=== Section Start ===

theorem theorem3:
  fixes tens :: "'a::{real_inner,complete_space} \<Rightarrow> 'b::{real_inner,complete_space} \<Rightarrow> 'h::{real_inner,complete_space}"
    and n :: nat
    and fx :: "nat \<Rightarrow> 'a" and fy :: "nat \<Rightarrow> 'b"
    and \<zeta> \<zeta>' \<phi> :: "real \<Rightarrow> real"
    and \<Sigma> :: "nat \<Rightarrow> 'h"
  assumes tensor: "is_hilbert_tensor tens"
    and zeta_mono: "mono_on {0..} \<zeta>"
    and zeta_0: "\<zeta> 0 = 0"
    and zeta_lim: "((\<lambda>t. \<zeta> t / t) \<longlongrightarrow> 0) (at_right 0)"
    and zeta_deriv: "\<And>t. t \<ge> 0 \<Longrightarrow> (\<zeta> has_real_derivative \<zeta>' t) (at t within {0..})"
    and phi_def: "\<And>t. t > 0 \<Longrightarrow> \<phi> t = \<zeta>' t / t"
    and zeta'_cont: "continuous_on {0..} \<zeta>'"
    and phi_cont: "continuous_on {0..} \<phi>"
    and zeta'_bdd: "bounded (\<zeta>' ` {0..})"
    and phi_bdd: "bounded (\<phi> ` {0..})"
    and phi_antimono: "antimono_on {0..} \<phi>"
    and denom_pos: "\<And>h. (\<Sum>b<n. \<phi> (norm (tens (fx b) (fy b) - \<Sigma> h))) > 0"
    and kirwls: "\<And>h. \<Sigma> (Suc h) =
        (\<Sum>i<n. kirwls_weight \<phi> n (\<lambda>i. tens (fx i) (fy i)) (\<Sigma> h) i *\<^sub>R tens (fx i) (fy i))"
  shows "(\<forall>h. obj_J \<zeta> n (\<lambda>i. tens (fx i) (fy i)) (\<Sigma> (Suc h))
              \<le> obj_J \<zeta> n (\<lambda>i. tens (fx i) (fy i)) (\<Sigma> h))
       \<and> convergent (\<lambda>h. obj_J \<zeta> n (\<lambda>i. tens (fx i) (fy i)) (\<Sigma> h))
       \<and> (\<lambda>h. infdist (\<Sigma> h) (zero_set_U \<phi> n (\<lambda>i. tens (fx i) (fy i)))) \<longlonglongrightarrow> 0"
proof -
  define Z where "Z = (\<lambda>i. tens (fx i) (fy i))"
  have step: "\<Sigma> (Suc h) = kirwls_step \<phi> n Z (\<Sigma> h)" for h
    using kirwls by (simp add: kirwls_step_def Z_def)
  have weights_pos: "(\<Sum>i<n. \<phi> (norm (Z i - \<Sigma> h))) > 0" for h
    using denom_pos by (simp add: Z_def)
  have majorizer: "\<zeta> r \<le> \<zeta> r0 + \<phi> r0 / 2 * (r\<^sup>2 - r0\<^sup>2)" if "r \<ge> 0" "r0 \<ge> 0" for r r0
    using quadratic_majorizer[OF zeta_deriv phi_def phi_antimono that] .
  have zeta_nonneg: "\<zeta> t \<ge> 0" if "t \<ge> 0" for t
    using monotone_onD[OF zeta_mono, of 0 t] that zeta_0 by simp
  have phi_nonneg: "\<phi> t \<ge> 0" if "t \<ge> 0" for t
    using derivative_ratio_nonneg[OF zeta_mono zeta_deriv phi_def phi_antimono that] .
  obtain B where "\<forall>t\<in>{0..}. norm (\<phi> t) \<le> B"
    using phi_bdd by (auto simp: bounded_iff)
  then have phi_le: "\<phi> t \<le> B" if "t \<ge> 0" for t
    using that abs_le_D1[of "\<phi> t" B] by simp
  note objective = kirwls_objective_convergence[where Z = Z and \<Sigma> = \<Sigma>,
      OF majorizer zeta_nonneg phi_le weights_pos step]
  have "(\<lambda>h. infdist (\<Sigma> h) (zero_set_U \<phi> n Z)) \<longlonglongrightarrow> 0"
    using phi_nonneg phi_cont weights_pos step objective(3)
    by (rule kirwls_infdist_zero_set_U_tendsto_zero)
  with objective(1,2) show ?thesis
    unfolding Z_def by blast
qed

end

=== Section End ===

**Problem**
With nothing left out, output the whole listing exactly.

**Solution to the problem**
theorem theorem3:
  fixes tens :: "'a::{real_inner,complete_space} \<Rightarrow> 'b::{real_inner,complete_space} \<Rightarrow> 'h::{real_inner,complete_space}"
    and n :: nat
    and fx :: "nat \<Rightarrow> 'a" and fy :: "nat \<Rightarrow> 'b"
    and \<zeta> \<zeta>' \<phi> :: "real \<Rightarrow> real"
    and \<Sigma> :: "nat \<Rightarrow> 'h"
  assumes tensor: "is_hilbert_tensor tens"
    and zeta_mono: "mono_on {0..} \<zeta>"
    and zeta_0: "\<zeta> 0 = 0"
    and zeta_lim: "((\<lambda>t. \<zeta> t / t) \<longlongrightarrow> 0) (at_right 0)"
    and zeta_deriv: "\<And>t. t \<ge> 0 \<Longrightarrow> (\<zeta> has_real_derivative \<zeta>' t) (at t within {0..})"
    and phi_def: "\<And>t. t > 0 \<Longrightarrow> \<phi> t = \<zeta>' t / t"
    and zeta'_cont: "continuous_on {0..} \<zeta>'"
    and phi_cont: "continuous_on {0..} \<phi>"
    and zeta'_bdd: "bounded (\<zeta>' ` {0..})"
    and phi_bdd: "bounded (\<phi> ` {0..})"
    and phi_antimono: "antimono_on {0..} \<phi>"
    and denom_pos: "\<And>h. (\<Sum>b<n. \<phi> (norm (tens (fx b) (fy b) - \<Sigma> h))) > 0"
    and kirwls: "\<And>h. \<Sigma> (Suc h) =
        (\<Sum>i<n. kirwls_weight \<phi> n (\<lambda>i. tens (fx i) (fy i)) (\<Sigma> h) i *\<^sub>R tens (fx i) (fy i))"
  shows "(\<forall>h. obj_J \<zeta> n (\<lambda>i. tens (fx i) (fy i)) (\<Sigma> (Suc h))
              \<le> obj_J \<zeta> n (\<lambda>i. tens (fx i) (fy i)) (\<Sigma> h))
       \<and> convergent (\<lambda>h. obj_J \<zeta> n (\<lambda>i. tens (fx i) (fy i)) (\<Sigma> h))
       \<and> (\<lambda>h. infdist (\<Sigma> h) (zero_set_U \<phi> n (\<lambda>i. tens (fx i) (fy i)))) \<longlonglongrightarrow> 0"
proof -
  define Z where "Z = (\<lambda>i. tens (fx i) (fy i))"
  have step: "\<Sigma> (Suc h) = kirwls_step \<phi> n Z (\<Sigma> h)" for h
    using kirwls by (simp add: kirwls_step_def Z_def)
  have weights_pos: "(\<Sum>i<n. \<phi> (norm (Z i - \<Sigma> h))) > 0" for h
    using denom_pos by (simp add: Z_def)
  have majorizer: "\<zeta> r \<le> \<zeta> r0 + \<phi> r0 / 2 * (r\<^sup>2 - r0\<^sup>2)" if "r \<ge> 0" "r0 \<ge> 0" for r r0
    using quadratic_majorizer[OF zeta_deriv phi_def phi_antimono that] .
  have zeta_nonneg: "\<zeta> t \<ge> 0" if "t \<ge> 0" for t
    using monotone_onD[OF zeta_mono, of 0 t] that zeta_0 by simp
  have phi_nonneg: "\<phi> t \<ge> 0" if "t \<ge> 0" for t
    using derivative_ratio_nonneg[OF zeta_mono zeta_deriv phi_def phi_antimono that] .
  obtain B where "\<forall>t\<in>{0..}. norm (\<phi> t) \<le> B"
    using phi_bdd by (auto simp: bounded_iff)
  then have phi_le: "\<phi> t \<le> B" if "t \<ge> 0" for t
    using that abs_le_D1[of "\<phi> t" B] by simp
  note objective = kirwls_objective_convergence[where Z = Z and \<Sigma> = \<Sigma>,
      OF majorizer zeta_nonneg phi_le weights_pos step]
  have "(\<lambda>h. infdist (\<Sigma> h) (zero_set_U \<phi> n Z)) \<longlonglongrightarrow> 0"
    using phi_nonneg phi_cont weights_pos step objective(3)
    by (rule kirwls_infdist_zero_set_U_tendsto_zero)
  with objective(1,2) show ?thesis
    unfolding Z_def by blast
qed

end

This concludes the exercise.